Reproduce exactly the lines below from the one containing "(\<forall>B. bounded B" through the one containing "(\<exists>t0 C \<beta>.", including both, and nothing else.

-- RECORDED INFORMATION follows --

theorem theorem8p11:
  fixes f :: "real^'n \<Rightarrow> real" and gradf :: "real^'n \<Rightarrow> real^'n"
    and F :: "real^'n \<Rightarrow> 'w \<Rightarrow> real" and P :: "'w measure"
    and L \<sigma> \<Delta> \<beta> \<epsilon>f \<alpha>m :: real and x :: "real^'n"
    and y :: "'n option \<Rightarrow> real^'n" and N :: nat
  assumes P: "prob_space P"
    and bdd_below: "\<exists>b. \<forall>z. b \<le> f z"
    and deriv: "\<And>z. (f has_derivative (\<lambda>h. gradf z \<bullet> h)) (at z)"
    and lip: "L-lipschitz_on UNIV gradf"
    and integ: "\<And>z. integrable P (F z)"
    and integ2: "\<And>z. integrable P (\<lambda>\<omega>. (F z \<omega>)\<^sup>2)"
    and mean: "\<And>z. f z = prob_space.expectation P (F z)"
    and var: "\<And>z. prob_space.variance P (F z) \<le> \<sigma>\<^sup>2"
    and \<Delta>: "\<Delta> > 0" and \<beta>: "\<beta> > 0"
    and ypts: "\<And>i. norm (y i - x) \<le> \<beta> * \<Delta>"
    and inv: "invertible (interp_mat y x \<Delta>)"
    and \<epsilon>f: "\<epsilon>f > 0" and \<alpha>m: "0 < \<alpha>m" "\<alpha>m < 1"
    and N_pos: "N > 0"
    and N_bound: "real N \<ge> \<sigma>\<^sup>2 / (\<epsilon>f\<^sup>2 * (1 - \<alpha>m powr (1 / real (CARD('n) + 1))) * \<Delta> ^ 4)"
  shows "\<exists>A \<in> sets (PiM (UNIV \<times> {..<N}) (\<lambda>_. P)).
           measure (PiM (UNIV \<times> {..<N}) (\<lambda>_. P)) A \<ge> \<alpha>m \<and>
           (\<forall>\<omega>\<in>A. \<forall>z. norm (z - x) \<le> \<Delta> \<longrightarrow>
              (let \<kappa>mf = L / 2 * (1 + sqrt (real CARD('n))) * \<beta>\<^sup>2 * inf_norm_mat (matrix_inv (interp_mat y x \<Delta>))
                          + L / 2 + (1 + sqrt (real CARD('n))) * inf_norm_mat (matrix_inv (interp_mat y x \<Delta>)) * \<epsilon>f;
                   \<kappa>mg = 2 * \<kappa>mf
               in \<bar>model F N y x \<Delta> \<omega> z - f z\<bar> \<le> \<kappa>mf * \<Delta>\<^sup>2 \<and>
                  norm (model_g F N y x \<Delta> \<omega> - gradf z) \<le> \<kappa>mg * \<Delta>))"
proof -
  define a where "a = \<epsilon>f * \<Delta>\<^sup>2"
  define r where "r = root CARD('n option) \<alpha>m"
  define A where "A = {\<omega> \<in> space (PiM (UNIV \<times> {..<N}) (\<lambda>_. P)).
    \<forall>i. \<bar>sample_avg F N y \<omega> $ i - f (y i)\<bar> < a}"
  have "0 < a" using \<epsilon>f \<Delta> by (simp add: a_def)
  have r: "0 \<le> r" "r < 1" using \<alpha>m by (simp_all add: r_def)
  have "\<alpha>m powr (1 / real (CARD('n) + 1)) = r"
    using \<alpha>m by (simp add: r_def root_powr_inverse)
  then have "\<sigma>\<^sup>2 \<le> real N * (a\<^sup>2 * (1 - r))"
    using N_bound \<epsilon>f \<Delta> r(2) by (simp add: a_def pos_divide_le_eq power_mult_distrib mult_ac)
  then have "\<sigma>\<^sup>2 / (real N * a\<^sup>2) \<le> 1 - r"
    using N_pos \<open>0 < a\<close> by (simp add: pos_divide_le_eq mult_ac)
  note good = prob_sample_avgs_close_ge[where F=F and y=y and f=f,
      OF P integ integ2 mean var N_pos \<open>0 < a\<close> r(1) this, folded A_def]
  have "r ^ CARD('n option) = \<alpha>m"
    unfolding r_def using \<alpha>m by (intro real_root_pow_pos2) auto
  with good have "\<alpha>m \<le> measure (PiM (UNIV \<times> {..<N}) (\<lambda>_. P)) A" by simp
  moreover have "\<bar>sample_avg F N y \<omega> $ i - f (y i)\<bar> \<le> \<epsilon>f * \<Delta>\<^sup>2" if "\<omega> \<in> A" for \<omega> i
    using that by (auto simp: A_def a_def less_imp_le)
  ultimately show ?thesis
    unfolding Let_def using good(1) model_error_bounds[OF deriv lip \<Delta> ypts inv] by blast
qed
(* Let $\{S(t)\}_{t\ge0}$ be a dissipative semigroup on a complete metric space $(X,d)$ and let $\mathcal{B}_0$ be a positively invariant bounded absorbing set. Assume there exist a constant $T>0$, a constant $\eta\in[0,1)$, a function $g:(\mathbb{R}^+)^m\to\mathbb{R}^+$, a function $\phi:X\times X\to\mathbb{R}^+$ and pseudometrics $\varrho_1,\dots,\varrho_m$ on $\mathcal{B}_0$ such that: (i) $g$ is non-decreasing in each variable, $g(0,\dots,0)=0$, and $g$ is continuous at $(0,\dots,0)$; (ii) for every sequence $\{y_n\}\subseteq\mathcal{B}_0$ there is a subsequence $\{y_{n_k}\}$ with $\lim_{k\to\infty}\lim_{l\to\infty}\phi(y_{n_k},y_{n_l})=0$; (iii) each $\varrho_i$ is precompact on $\mathcal{B}_0$, i.e. every sequence in $\mathcal{B}_0$ has a subsequence which is Cauchy with respect to $\varrho_i$; (iv) for all $y_1,y_2\in\mathcal{B}_0$, $$d(S(T)y_1,S(T)y_2)\le\eta\, d(y_1,y_2)+g\big(\varrho_1(y_1,y_2),\dots,\varrho_m(y_1,y_2)\big)+\phi(y_1,y_2).$$ Then $(X,\{S(t)\}_{t\ge0})$ is exponentially decaying with respect to the noncompactness measure, and for every bounded $B\subseteq X$, $$\alpha(S(t)B)\le2\eta^{\frac{t-t_*(B)-T}{T}}\alpha(\mathcal{B}_0)\quad\forall t\ge t_*(B)+T,$$ where $t_*(B)$ satisfies $S(t)B\subseteq\mathcal{B}_0$ for all $t\ge t_*(B)$.
   Context: A semigroup consists of continuous maps $S(t):X\to X$ with $S(0)=I$, $S(t+s)=S(t)S(s)$; it is dissipative if it has a bounded absorbing set (a closed set $\mathcal{B}$ such that every bounded $B$ satisfies $S(t)B\subseteq\mathcal{B}$ for all large $t$); positively invariant means $S(t)\mathcal{B}_0\subseteq\mathcal{B}_0$ for $t\ge0$. $\alpha$ is the Kuratowski measure of noncompactness, $\alpha(B)=\inf\{\delta>0:B\text{ has a finite cover by sets of diameter}<\delta\}$. The system is exponentially decaying with respect to the noncompactness measure if it is dissipative and there are $t_0>0$ and constants $C,\beta>0$ with $\alpha(S(t)\mathcal{B}_0)\le Ce^{-\beta t}$ for all $t\ge t_0$, for a positively invariant bounded absorbing set $\mathcal{B}_0$. *)

theory Defs
  imports "HOL-Analysis.Analysis"
begin

definition semigroup :: "(real \<Rightarrow> 'a::metric_space \<Rightarrow> 'a) \<Rightarrow> bool" where
  "semigroup S \<longleftrightarrow>
     (\<forall>t\<ge>0. continuous_on UNIV (S t)) \<and>
     S 0 = id \<and>
     (\<forall>t\<ge>0. \<forall>s\<ge>0. S (t + s) = S t \<circ> S s)"

definition absorbing :: "(real \<Rightarrow> 'a::metric_space \<Rightarrow> 'a) \<Rightarrow> 'a set \<Rightarrow> bool" where
  "absorbing S A \<longleftrightarrow> closed A \<and>
     (\<forall>B. bounded B \<longrightarrow> (\<exists>t0\<ge>0. \<forall>t\<ge>t0. S t ` B \<subseteq> A))"

definition dissipative :: "(real \<Rightarrow> 'a::metric_space \<Rightarrow> 'a) \<Rightarrow> bool" where
  "dissipative S \<longleftrightarrow> semigroup S \<and> (\<exists>A. bounded A \<and> absorbing S A)"

definition positively_invariant :: "(real \<Rightarrow> 'a \<Rightarrow> 'a) \<Rightarrow> 'a set \<Rightarrow> bool" where
  "positively_invariant S A \<longleftrightarrow> (\<forall>t\<ge>0. S t ` A \<subseteq> A)"

text \<open>Kuratowski measure of noncompactness (meaningful for bounded sets).\<close>
definition kuratowski_alpha :: "'a::metric_space set \<Rightarrow> real" where
  "kuratowski_alpha B = Inf {\<delta>. \<delta> > 0 \<and>
     (\<exists>F. finite F \<and> B \<subseteq> \<Union>F \<and> (\<forall>U\<in>F. bounded U \<and> diameter U < \<delta>))}"

definition exponentially_decaying :: "(real \<Rightarrow> 'a::metric_space \<Rightarrow> 'a) \<Rightarrow> bool" where
  "exponentially_decaying S \<longleftrightarrow> dissipative S \<and>
     (\<exists>B0. positively_invariant S B0 \<and> bounded B0 \<and> absorbing S B0 \<and>
        (\<exists>t0 C \<beta>. t0 > 0 \<and> C > 0 \<and> \<beta> > 0 \<and>
           (\<forall>t\<ge>t0. kuratowski_alpha (S t ` B0) \<le> C * exp (- \<beta> * t))))"

definition pseudometric_on :: "'a set \<Rightarrow> ('a \<Rightarrow> 'a \<Rightarrow> real) \<Rightarrow> bool" where
  "pseudometric_on A \<rho> \<longleftrightarrow>
     (\<forall>x\<in>A. \<rho> x x = 0) \<and>
     (\<forall>x\<in>A. \<forall>y\<in>A. 0 \<le> \<rho> x y \<and> \<rho> x y = \<rho> y x) \<and>
     (\<forall>x\<in>A. \<forall>y\<in>A. \<forall>z\<in>A. \<rho> x z \<le> \<rho> x y + \<rho> y z)"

-- RECORDED INFORMATION concluded --

[RESPONSE BOX]
     (\<forall>B. bounded B \<longrightarrow> (\<exists>t0\<ge>0. \<forall>t\<ge>t0. S t ` B \<subseteq> A))"

definition dissipative :: "(real \<Rightarrow> 'a::metric_space \<Rightarrow> 'a) \<Rightarrow> bool" where
  "dissipative S \<longleftrightarrow> semigroup S \<and> (\<exists>A. bounded A \<and> absorbing S A)"

definition positively_invariant :: "(real \<Rightarrow> 'a \<Rightarrow> 'a) \<Rightarrow> 'a set \<Rightarrow> bool" where
  "positively_invariant S A \<longleftrightarrow> (\<forall>t\<ge>0. S t ` A \<subseteq> A)"

text \<open>Kuratowski measure of noncompactness (meaningful for bounded sets).\<close>
definition kuratowski_alpha :: "'a::metric_space set \<Rightarrow> real" where
  "kuratowski_alpha B = Inf {\<delta>. \<delta> > 0 \<and>
     (\<exists>F. finite F \<and> B \<subseteq> \<Union>F \<and> (\<forall>U\<in>F. bounded U \<and> diameter U < \<delta>))}"

definition exponentially_decaying :: "(real \<Rightarrow> 'a::metric_space \<Rightarrow> 'a) \<Rightarrow> bool" where
  "exponentially_decaying S \<longleftrightarrow> dissipative S \<and>
     (\<exists>B0. positively_invariant S B0 \<and> bounded B0 \<and> absorbing S B0 \<and>
        (\<exists>t0 C \<beta>. t0 > 0 \<and> C > 0 \<and> \<beta> > 0 \<and>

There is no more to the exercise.